This project integrates the Neo4j graph database to efficiently manage and store relational data, particularly focusing on storing and retrieving document contents and chat histories. Neo4j's powerful graph-based data structure allows for intuitive relationships between entities, making it ideal for use cases such as recommendation systems, question-answering pipelines, and context-aware conversational agents.
- Document Storage: Store and retrieve PDF contents as nodes in the graph, enabling rich querying capabilities.
- Chat History Management: Persist chat sessions and their message histories, allowing for easy retrieval and analysis of past interactions.
- Graph-Based Relationships: Leverage Neo4j's graph model to manage complex relationships between documents, sessions, and user interactions.
- To get started, ensure that you have the Neo4j Python driver
- Create new instance
- Store required credentials(url,username, password) inside environment variable.
conda create -n langhainVenv python=3.10 -y
conda activate langhainVenv
pip install -r requirements.txt
- app.py : User interface for initalize another variables and communaite with user.
- Configuration.py : It loads the environment variables.
- database.py : Initilize neo4j database driver and made connection.
- ResponseGenerator : split the input into documents for model undersatnding.
- DataRetriever : This class retrive data from Neo4j db.

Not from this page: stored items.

(* Let $N,G,H$ be finitely generated groups. If $G$ and $H$ are biLipschitz equivalent, then $N\wr G$ and $N\wr H$ are biLipschitz equivalent.
   Context: Groups carry word metrics from finite generating sets. $N\wr G=\bigl(\bigoplus_G N\bigr)\rtimes G$ with $G$ acting by left translation of coordinates, with the word metric for the standard generating set (lamp generators at the identity and generators of $G$). A biLipschitz equivalence is a bijection $f$ with $\frac1C d(x,y)\le d(f(x),f(y))\le Cd(x,y)$ for some $C\ge1$. *)

theory Defs
  imports "HOL-Algebra.Generated_Groups" "HOL-Library.FuncSet" Complex_Main
begin

definition fin_gen_set :: "('a, 'b) monoid_scheme \<Rightarrow> 'a set \<Rightarrow> bool" where
  "fin_gen_set G S \<longleftrightarrow> finite S \<and> S \<subseteq> carrier G \<and> generate G S = carrier G"

definition word_length :: "('a, 'b) monoid_scheme \<Rightarrow> 'a set \<Rightarrow> 'a \<Rightarrow> nat" where
  "word_length G S x =
     (LEAST n. \<exists>ws. length ws = n \<and> set ws \<subseteq> S \<union> (\<lambda>s. inv\<^bsub>G\<^esub> s) ` S
                 \<and> x = foldr (\<lambda>a b. a \<otimes>\<^bsub>G\<^esub> b) ws \<one>\<^bsub>G\<^esub>)"

definition word_dist :: "('a, 'b) monoid_scheme \<Rightarrow> 'a set \<Rightarrow> 'a \<Rightarrow> 'a \<Rightarrow> nat" where
  "word_dist G S x y = word_length G S (inv\<^bsub>G\<^esub> x \<otimes>\<^bsub>G\<^esub> y)"

definition bilipschitz_equiv ::
  "('a, 'b) monoid_scheme \<Rightarrow> 'a set \<Rightarrow> ('c, 'd) monoid_scheme \<Rightarrow> 'c set \<Rightarrow> bool" where
  "bilipschitz_equiv G S H T \<longleftrightarrow>
     (\<exists>f (C::real). C \<ge> 1 \<and> bij_betw f (carrier G) (carrier H) \<and>
        (\<forall>x\<in>carrier G. \<forall>y\<in>carrier G.
            real (word_dist G S x y) / C \<le> real (word_dist H T (f x) (f y)) \<and>
            real (word_dist H T (f x) (f y)) \<le> C * real (word_dist G S x y)))"

text \<open>Wreath product N wr G = (finitely supported functions carrier G -> carrier N) semidirect G,
  G acting by left translation: (g.f)(x) = f(g^{-1} x).
  Functions are extended by the identity of N outside carrier G.\<close>
definition wreath :: "('n, 'c) monoid_scheme \<Rightarrow> ('g, 'd) monoid_scheme \<Rightarrow> (('g \<Rightarrow> 'n) \<times> 'g) monoid" where
  "wreath N G =
    \<lparr> carrier = {(f, g). g \<in> carrier G \<and> (\<forall>x. f x \<in> carrier N)
                     \<and> (\<forall>x. x \<notin> carrier G \<longrightarrow> f x = \<one>\<^bsub>N\<^esub>)
                     \<and> finite {x. f x \<noteq> \<one>\<^bsub>N\<^esub>}},
      mult = (\<lambda>(f, g) (f', g').
                (\<lambda>x. if x \<in> carrier G then f x \<otimes>\<^bsub>N\<^esub> f' (inv\<^bsub>G\<^esub> g \<otimes>\<^bsub>G\<^esub> x) else \<one>\<^bsub>N\<^esub>,
                 g \<otimes>\<^bsub>G\<^esub> g')),
      one = (\<lambda>_. \<one>\<^bsub>N\<^esub>, \<one>\<^bsub>G\<^esub>) \<rparr>"
lemma gauss2_eq_distr_std:
  assumes "0 < \<sigma>"
  shows "gauss2 v \<sigma> = distr (gauss2 0 1) borel (\<lambda>z. v + \<sigma> *\<^sub>R z)"
proof -
  have "\<sigma> * \<sigma> * (normal_density (fst v) \<sigma> (fst v + \<sigma> * fst z) * normal_density (snd v) \<sigma> (snd v + \<sigma> * snd z))
      = (\<sigma> * normal_density (fst v) \<sigma> (fst v + \<sigma> * fst z)) * (\<sigma> * normal_density (snd v) \<sigma> (snd v + \<sigma> * snd z))"
    for z by (simp add: mult_ac)
  then have "(\<lambda>z. ennreal (\<bar>\<sigma>\<bar> ^ DIM(real \<times> real))
      * ennreal (normal_density (fst v) \<sigma> (fst (v + \<sigma> *\<^sub>R z)) * normal_density (snd v) \<sigma> (snd (v + \<sigma> *\<^sub>R z))))
    = (\<lambda>z. ennreal (std_normal_density (fst z) * std_normal_density (snd z)))"
    using assms by (simp add: ennreal_mult'[symmetric] power2_eq_square normal_density_affine_std)
  moreover have "gauss2 v \<sigma> = distr (density lborel (\<lambda>z. ennreal (\<bar>\<sigma>\<bar> ^ DIM(real \<times> real))
      * ennreal (normal_density (fst v) \<sigma> (fst (v + \<sigma> *\<^sub>R z)) * normal_density (snd v) \<sigma> (snd (v + \<sigma> *\<^sub>R z)))))
      borel (\<lambda>z. v + \<sigma> *\<^sub>R z)"
    unfolding gauss2_def using assms by (intro density_lborel_affine) auto
  ultimately show ?thesis
    by (simp add: gauss2_def)
qed

lemma sets_gauss2[measurable_cong, simp]: "sets (gauss2 v \<sigma>) = sets borel"
  by (simp add: gauss2_def)

abbreviation uniform_disk :: "(real \<times> real) measure" where
  "uniform_disk \<equiv> uniform_measure lborel X_dom"

definition disagreement :: "real \<times> real \<Rightarrow> real \<times> real \<Rightarrow> (real \<times> real) set" where
  "disagreement v w = {x \<in> X_dom. hyp w x \<noteq> hyp v x}"

lemma rho_hyp_eq_measure_disagreement:
  "rho (hyp w) (hyp v) = measure uniform_disk (disagreement v w)"
  unfolding rho_def disagreement_def ..

lemma sets_disagreement[measurable]: "disagreement v w \<in> sets borel"
proof -
  have sgn_inner: "(\<lambda>x::real \<times> real. sgn (x \<bullet> u)) \<in> borel_measurable borel" for u
    by (intro measurable_compose[OF _ borel_measurable_sgn] borel_measurable_continuous_onI continuous_intros)
  have "disagreement v w = X_dom \<inter> {x \<in> space borel. sgn (x \<bullet> w) \<noteq> sgn (x \<bullet> v)}"
    by (auto simp: disagreement_def hyp_def)
  then show ?thesis
    using borel_measurable_neq[OF sgn_inner sgn_inner] by (simp add: X_dom_def)
qed

lemma emeasure_lborel_X_dom_finite: "emeasure lborel X_dom < \<infinity>"
  unfolding X_dom_def by (rule emeasure_lborel_cball_finite)

lemma prob_space_uniform_disk: "prob_space uniform_disk"
proof (rule prob_space_uniform_measure)
  have "0 < emeasure lborel (ball (0::real \<times> real) 1)"
    by (rule emeasure_lborel_open_pos) auto
  also have "\<dots> \<le> emeasure lborel X_dom"
    by (intro emeasure_mono) (auto simp: X_dom_def)
  finally show "emeasure lborel X_dom \<noteq> 0" by simp
  show "emeasure lborel X_dom \<noteq> \<infinity>"
    using emeasure_lborel_X_dom_finite by simp
qed

lemma measure_uniform_disk_open_pos:
  assumes "open A" "A \<noteq> {}" "A \<subseteq> X_dom"
  shows "0 < measure uniform_disk A"
proof -
  interpret prob_space uniform_disk by (rule prob_space_uniform_disk)
  have "X_dom \<in> sets lborel" "A \<in> sets lborel"
    using \<open>open A\<close> by (auto simp: X_dom_def)
  then have "0 < emeasure uniform_disk A"
    using emeasure_lborel_open_pos[OF assms(1,2)] emeasure_lborel_X_dom_finite \<open>A \<subseteq> X_dom\<close>
    by (simp add: Int_absorb1 ennreal_zero_less_divide)
  then show ?thesis
    by (simp add: emeasure_eq_measure)
qed
theorem proposition5p4:
  fixes \<phi> :: "Cq \<Rightarrow> 'a::ring_1" and K Kinv E F :: "nat \<Rightarrow> 'a" and m n i j :: nat
  assumes "1 \<le> m" and "1 \<le> n"
    and "uq_rels m n \<phi> K Kinv E F"
    and "(i, j) \<in> I1 m n"
  shows "(\<exists>(z1::int) (s1::Cq). s1 \<in> {1, -1} \<and>
            Froot m \<phi> F i j * FI m n \<phi> F {p \<in> I1 m n. prec p (i, j)}
              = \<phi> (s1 * qq powi z1) * FI m n \<phi> F {p \<in> I1 m n. prec p (i, j) \<or> p = (i, j)})
       \<and> (\<exists>(z2::int) (s2::Cq). s2 \<in> {1, -1} \<and>
            FI m n \<phi> F {p \<in> I1 m n. prec (i, j) p} * Froot m \<phi> F i j
              = \<phi> (s2 * qq powi z2) * FI m n \<phi> F {p \<in> I1 m n. prec (i, j) p \<or> p = (i, j)})"
proof -
  interpret uq_gl m n \<phi> K Kinv E F
    using assms(1,3) by unfold_locales
  show ?thesis
    using Fr_times_FI_before[OF assms(4)] FI_after_times_Fr[OF assms(4)]
    unfolding signed_qpow_def by blast
qed

end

It is perform embedding, vector search and then finally perform similarity search to extract answer.
- LLMTransformer : This class will convert user entered wikipedia page in graph format, which futher store into Neo4j Db.
- WikipediaHandler.py : This class fetch data from Wikipedia page and then split into document.
- app.py : streamlit interface for user connectivity and calling subclasses.
- chat_manager : it stores session and message history.
- config.py : read all environment variables.
- document_handler.py : This class process the user selected pdf and store it into Neo4j db.
- embedding_store.py : This class perform embedding and vector store on pdf file.
- neo4j_handler.py : This class perform various operation related to Neo4j DB.
- rag_chain.py : implementaion of rag pipeline for data retriver.